My friend the geophysicist emailed the other day to tell me his house in Connecticut was still snowed in. “The main hypotheses for why we have so much snow,” he explained, “involve heat coming out of the now-open Arctic ocean in early winter. Once the ice cap freezes over temporarily, the wild weather calms down.”

In other words, it’s caused by global warming. Not global warming next year. Not global warming 50 years from now. Global warming today. And according to a new study published in Nature, the entire continent of North America is affected:

“Human influence on the climate system has the effect of intensifying precipitation extremes,” said Francis Zwiers, a climate researcher at Environment Canada in Toronto and lead researcher on the first study….The study found that observed increase in deluges “cannot be explained by natural internal fluctuations of the climate system alone,” said Zwiers. In other words, only the addition of greenhouse gases to the atmosphere explains why the United States and Canada have experienced a dramatic increase in heavy downpours.
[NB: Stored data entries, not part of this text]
(* Let $G$ be an amenable Hausdorff topological group, locally compact or SIN, acting continuously by isometries on a pointed metric space $(\mathcal{M},d,0)$ with bounded orbits; let $M$ be a bi-invariant mean on $G$ and $X=\mathcal{F}(\mathcal{M})$. Suppose $Q:X^{**}\to X^{**}$ is a bounded linear projection with $Q[X^{**}]=\kappa_X(X)$ and $T_g^{**}(\ker Q)\subset\ker Q$ for every $g\in G$. Let $R_G:X\to X^{**}$, $R_G(\mu)(f)=M(g\mapsto f(T_g\mu))$, let $P_G:=\kappa_X^{-1}\circ Q\circ R_G$ (a projection onto $I_G=\{\mu\in X: T_g\mu=\mu\ \forall g\}$), and let $\Psi:\mathrm{Lip}_0(\mathcal{M}/G)\to\mathrm{Lip}_0^G(\mathcal{M})$, $\Psi(f)(x)=f([Gx])$. If $Y\subset\mathrm{Lip}_0(\mathcal{M}/G)$ separates the points of $\mathcal{F}(\mathcal{M}/G)$ and $\ker P_G\subset\Psi(Y)_\perp$, then $\ker P_G=\mathrm{Lip}_0^G(\mathcal{M})_\perp$ and $P_G[X]$ is isomorphic to $\mathcal{F}(\mathcal{M}/G)$ via a linear isomorphism $T:\mathcal{F}(\mathcal{M}/G)\to P_G[X]$ with $T(\delta([Gx]))=P_G(\delta(x))$ whose inverse is the restriction to $P_G[X]$ of the norm-at-most-one operator $S:\mathcal{F}(\mathcal{M})\to\mathcal{F}(\mathcal{M}/G)$, $S(\delta(x))=\delta([Gx])$, and $\|T\|\le\|Q\|$. In particular $\mathcal{F}(\mathcal{M}/G)$ is isomorphic to a complemented subspace of $\mathcal{F}(\mathcal{M})$.
   Context: $\mathrm{Lip}_0(N)$: real Lipschitz functions on a pointed metric space $N$ vanishing at the base point, normed by the Lipschitz constant; $\delta(m)$ evaluation at $m$; $\mathcal{F}(N)=\overline{\mathrm{span}}\{\delta(m):m\in N\}\subset\mathrm{Lip}_0(N)^*$, so $\mathcal{F}(N)^*=\mathrm{Lip}_0(N)$. $\kappa_X:X\to X^{**}$ is the canonical embedding; for $A\subset X^*$, $A_\perp=\{x\in X:a(x)=0\ \forall a\in A\}$. For $g\in G$, $T_g$ is the linear isometry of $\mathcal{F}(\mathcal{M})$ with $T_g\delta(m)=\delta(gm)-\delta(g0)$. $\mathcal{M}/G=\{[Gx]:x\in\mathcal{M}\}$ with $[Gx]=\overline{Gx}$, metric $d_{\mathcal{M}/G}([Gx],[Gy])=\inf\{d(x',y'):x'\in[Gx],y'\in[Gy]\}$ (the Hausdorff distance), base point $[G0]$. $\mathrm{Lip}_0^G(\mathcal{M})=\{f\in\mathrm{Lip}_0(\mathcal{M}):f(gx)=f(x)\ \forall g,x\}$. "$Y$ separates the points of $\mathcal{F}(\mathcal{M}/G)$": for every nonzero $\mu\in\mathcal{F}(\mathcal{M}/G)$ some $f\in Y$ has $f(\mu)\ne0$. A bi-invariant mean is a positive normalized linear functional invariant under left and right translations (on bounded uniformly continuous functions for SIN $G$; on $L_\infty(G)$ for locally compact amenable $G$). SIN: every neighborhood $U$ of $e$ contains a neighborhood $V$ of $e$ with $gVg^{-1}=V$ for all $g$. *)

theory Defs
  imports "HOL-Analysis.Analysis" "HOL-Algebra.Group"
begin

text \<open>Functionals on Lip_0 are represented as maps of type (b => real) => real.
  Since F(N)* = Lip_0(N), the bidual F(N)** is Lip_0(N)*, and kappa is the inclusion
  of F(N) into Lip_0(N)*.\<close>

definition lipconst :: "'b set \<Rightarrow> ('b \<Rightarrow> 'b \<Rightarrow> real) \<Rightarrow> ('b \<Rightarrow> real) \<Rightarrow> real" where
  "lipconst S d f = Sup (insert 0 {\<bar>f x - f y\<bar> / d x y | x y. x \<in> S \<and> y \<in> S \<and> x \<noteq> y})"

definition Lip0 :: "'b set \<Rightarrow> ('b \<Rightarrow> 'b \<Rightarrow> real) \<Rightarrow> 'b \<Rightarrow> ('b \<Rightarrow> real) set" where
  "Lip0 S d p = {f. (\<exists>C. \<forall>x\<in>S. \<forall>y\<in>S. \<bar>f x - f y\<bar> \<le> C * d x y) \<and> f p = 0
                    \<and> (\<forall>x. x \<notin> S \<longrightarrow> f x = 0)}"

definition LipDual :: "'b set \<Rightarrow> ('b \<Rightarrow> 'b \<Rightarrow> real) \<Rightarrow> 'b \<Rightarrow> (('b \<Rightarrow> real) \<Rightarrow> real) set" where
  "LipDual S d p = {\<phi>.
      (\<forall>f\<in>Lip0 S d p. \<forall>g\<in>Lip0 S d p. \<phi> (\<lambda>x. f x + g x) = \<phi> f + \<phi> g)
    \<and> (\<forall>c. \<forall>f\<in>Lip0 S d p. \<phi> (\<lambda>x. c * f x) = c * \<phi> f)
    \<and> (\<exists>C. \<forall>f\<in>Lip0 S d p. \<bar>\<phi> f\<bar> \<le> C * lipconst S d f)
    \<and> (\<forall>f. f \<notin> Lip0 S d p \<longrightarrow> \<phi> f = 0)}"

definition fnorm :: "'b set \<Rightarrow> ('b \<Rightarrow> 'b \<Rightarrow> real) \<Rightarrow> 'b \<Rightarrow> (('b \<Rightarrow> real) \<Rightarrow> real) \<Rightarrow> real" where
  "fnorm S d p \<phi> = Sup (insert 0 {\<bar>\<phi> f\<bar> | f. f \<in> Lip0 S d p \<and> lipconst S d f \<le> 1})"

definition delta :: "'b set \<Rightarrow> ('b \<Rightarrow> 'b \<Rightarrow> real) \<Rightarrow> 'b \<Rightarrow> 'b \<Rightarrow> ('b \<Rightarrow> real) \<Rightarrow> real" where
  "delta S d p m = (\<lambda>f. if f \<in> Lip0 S d p then f m else 0)"

definition zerof :: "('b \<Rightarrow> real) \<Rightarrow> real" where
  "zerof = (\<lambda>f. 0)"

definition DeltaSpan :: "'b set \<Rightarrow> ('b \<Rightarrow> 'b \<Rightarrow> real) \<Rightarrow> 'b \<Rightarrow> (('b \<Rightarrow> real) \<Rightarrow> real) set" where
  "DeltaSpan S d p = {(\<lambda>f. \<Sum>i<n. c i * delta S d p (m i) f) | (n::nat) c m. \<forall>i<n. m i \<in> S}"

definition Free :: "'b set \<Rightarrow> ('b \<Rightarrow> 'b \<Rightarrow> real) \<Rightarrow> 'b \<Rightarrow> (('b \<Rightarrow> real) \<Rightarrow> real) set" where
  "Free S d p = {\<phi> \<in> LipDual S d p. \<forall>e>0. \<exists>\<psi>\<in>DeltaSpan S d p. fnorm S d p (\<lambda>f. \<phi> f - \<psi> f) < e}"

definition preannih :: "'b set \<Rightarrow> ('b \<Rightarrow> 'b \<Rightarrow> real) \<Rightarrow> 'b \<Rightarrow> ('b \<Rightarrow> real) set \<Rightarrow> (('b \<Rightarrow> real) \<Rightarrow> real) set" where
  "preannih S d p A = {\<mu> \<in> Free S d p. \<forall>f\<in>A. \<mu> f = 0}"

definition lin_on :: "(('b \<Rightarrow> real) \<Rightarrow> real) set \<Rightarrow> ((('b \<Rightarrow> real) \<Rightarrow> real) \<Rightarrow> (('c \<Rightarrow> real) \<Rightarrow> real)) \<Rightarrow> bool" where
  "lin_on D A \<longleftrightarrow> (\<forall>\<phi>\<in>D. \<forall>\<psi>\<in>D. A (\<lambda>f. \<phi> f + \<psi> f) = (\<lambda>f. A \<phi> f + A \<psi> f))
                 \<and> (\<forall>c. \<forall>\<phi>\<in>D. A (\<lambda>f. c * \<phi> f) = (\<lambda>f. c * A \<phi> f))"

text \<open>Operator norm of A on D (meaningful when A is bounded on D).\<close>
definition opnorm_on :: "(('b \<Rightarrow> real) \<Rightarrow> real) set \<Rightarrow> ((('b \<Rightarrow> real) \<Rightarrow> real) \<Rightarrow> real)
     \<Rightarrow> ((('c \<Rightarrow> real) \<Rightarrow> real) \<Rightarrow> real) \<Rightarrow> ((('b \<Rightarrow> real) \<Rightarrow> real) \<Rightarrow> (('c \<Rightarrow> real) \<Rightarrow> real)) \<Rightarrow> real" where
  "opnorm_on D n1 n2 A = Sup (insert 0 {n2 (A \<phi>) | \<phi>. \<phi> \<in> D \<and> n1 \<phi> \<le> 1})"

definition topological_group :: "'g topology \<Rightarrow> ('g, 'x) monoid_scheme \<Rightarrow> bool" where
  "topological_group \<tau> G \<longleftrightarrow> group G \<and> topspace \<tau> = carrier G
     \<and> continuous_map (prod_topology \<tau> \<tau>) \<tau> (\<lambda>(g, h). g \<otimes>\<^bsub>G\<^esub> h)
     \<and> continuous_map \<tau> \<tau> (\<lambda>g. inv\<^bsub>G\<^esub> g)"

text \<open>SIN: small invariant neighbourhoods (open neighbourhoods suffice since conjugation is a homeomorphism).\<close>
definition SIN :: "'g topology \<Rightarrow> ('g, 'x) monoid_scheme \<Rightarrow> bool" where
  "SIN \<tau> G \<longleftrightarrow> (\<forall>U. openin \<tau> U \<and> \<one>\<^bsub>G\<^esub> \<in> U \<longrightarrow>
      (\<exists>V. openin \<tau> V \<and> \<one>\<^bsub>G\<^esub> \<in> V \<and> V \<subseteq> U \<and>
           (\<forall>g\<in>carrier G. (\<lambda>v. g \<otimes>\<^bsub>G\<^esub> v \<otimes>\<^bsub>G\<^esub> inv\<^bsub>G\<^esub> g) ` V = V)))"

text \<open>Bounded uniformly continuous real functions on the group (left and right uniformities;
  they coincide for SIN groups).\<close>
definition BUC :: "'g topology \<Rightarrow> ('g, 'x) monoid_scheme \<Rightarrow> ('g \<Rightarrow> real) set" where
  "BUC \<tau> G = {F. (\<exists>C. \<forall>g\<in>carrier G. \<bar>F g\<bar> \<le> C) \<and>
      (\<forall>e>0. \<exists>U. openin \<tau> U \<and> \<one>\<^bsub>G\<^esub> \<in> U \<and>
         (\<forall>g\<in>carrier G. \<forall>h\<in>U. \<bar>F (g \<otimes>\<^bsub>G\<^esub> h) - F g\<bar> < e \<and> \<bar>F (h \<otimes>\<^bsub>G\<^esub> g) - F g\<bar> < e))}"

definition bi_invariant_mean_BUC :: "'g topology \<Rightarrow> ('g, 'x) monoid_scheme \<Rightarrow> (('g \<Rightarrow> real) \<Rightarrow> real) \<Rightarrow> bool" where
  "bi_invariant_mean_BUC \<tau> G M \<longleftrightarrow>
      (\<forall>F\<in>BUC \<tau> G. \<forall>F'\<in>BUC \<tau> G. (\<forall>g\<in>carrier G. F g = F' g) \<longrightarrow> M F = M F')
    \<and> (\<forall>F\<in>BUC \<tau> G. \<forall>F'\<in>BUC \<tau> G. M (\<lambda>g. F g + F' g) = M F + M F')
    \<and> (\<forall>c. \<forall>F\<in>BUC \<tau> G. M (\<lambda>g. c * F g) = c * M F)
    \<and> (\<forall>F\<in>BUC \<tau> G. (\<forall>g\<in>carrier G. F g \<ge> 0) \<longrightarrow> M F \<ge> 0)
    \<and> M (\<lambda>g. 1) = 1
    \<and> (\<forall>F\<in>BUC \<tau> G. \<forall>h\<in>carrier G.
          M (\<lambda>g. F (h \<otimes>\<^bsub>G\<^esub> g)) = M F \<and> M (\<lambda>g. F (g \<otimes>\<^bsub>G\<^esub> h)) = M F)"

definition left_haar_measure :: "'g topology \<Rightarrow> ('g, 'x) monoid_scheme \<Rightarrow> 'g measure \<Rightarrow> bool" where
  "left_haar_measure \<tau> G H \<longleftrightarrow>
      space H = topspace \<tau>
    \<and> sets H = sigma_sets (topspace \<tau>) {U. openin \<tau> U}
    \<and> (\<forall>g\<in>carrier G. \<forall>A\<in>sets H. emeasure H ((\<lambda>x. g \<otimes>\<^bsub>G\<^esub> x) ` A) = emeasure H A)
    \<and> (\<forall>K. compactin \<tau> K \<longrightarrow> emeasure H K < \<infinity>)
    \<and> (\<forall>U. openin \<tau> U \<and> U \<noteq> {} \<longrightarrow> emeasure H U > 0)
    \<and> (\<forall>A\<in>sets H. emeasure H A = (INF U\<in>{U. openin \<tau> U \<and> A \<subseteq> U}. emeasure H U))
    \<and> (\<forall>U. openin \<tau> U \<longrightarrow> emeasure H U = (SUP K\<in>{K. compactin \<tau> K \<and> K \<subseteq> U}. emeasure H K))"

text \<open>L_infty(G) represented by essentially bounded measurable functions; the mean must respect
  equality almost everywhere, hence is a functional on L_infty(G).\<close>
definition Linf :: "'g measure \<Rightarrow> ('g \<Rightarrow> real) set" where
  "Linf H = {F. F \<in> borel_measurable H \<and> (\<exists>C. AE g in H. \<bar>F g\<bar> \<le> C)}"

definition bi_invariant_mean_Linf :: "('g, 'x) monoid_scheme \<Rightarrow> 'g measure \<Rightarrow> (('g \<Rightarrow> real) \<Rightarrow> real) \<Rightarrow> bool" where
  "bi_invariant_mean_Linf G H M \<longleftrightarrow>
      (\<forall>F\<in>Linf H. \<forall>F'\<in>Linf H. (AE g in H. F g = F' g) \<longrightarrow> M F = M F')
    \<and> (\<forall>F\<in>Linf H. \<forall>F'\<in>Linf H. M (\<lambda>g. F g + F' g) = M F + M F')
    \<and> (\<forall>c. \<forall>F\<in>Linf H. M (\<lambda>g. c * F g) = c * M F)
    \<and> (\<forall>F\<in>Linf H. (AE g in H. F g \<ge> 0) \<longrightarrow> M F \<ge> 0)
    \<and> M (\<lambda>g. 1) = 1
    \<and> (\<forall>F\<in>Linf H. \<forall>h\<in>carrier G.
          M (\<lambda>g. F (h \<otimes>\<^bsub>G\<^esub> g)) = M F \<and> M (\<lambda>g. F (g \<otimes>\<^bsub>G\<^esub> h)) = M F)"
….The explanation is simple physics: Warmer air holds more water vapor. That means when rainfall gets triggered, the air contributing to the storm is holding more water than it did in the cooler pre-industrial world.

And it’s not just North America. Another new study looked at the epic floods in England and Wales in 2000 and concluded that they likely resulted from a warmer world:

In nine out of ten cases our model results indicate that twentieth-century anthropogenic greenhouse gas emissions increased the risk of floods occurring in England and Wales in autumn 2000 by more than 20%, and in two out of three cases by more than 90%.

And the even scarier part? These studies only go through the year 2000, so they miss the entire last decade, which was the warmest on record. And needless to say, England and North America are far from being the areas worst affected by climate change. What we’re seeing here is just a small taste of what’s to come in the future and in other parts of the globe. Buckle up.

Front page illustration by Celine Nadeau.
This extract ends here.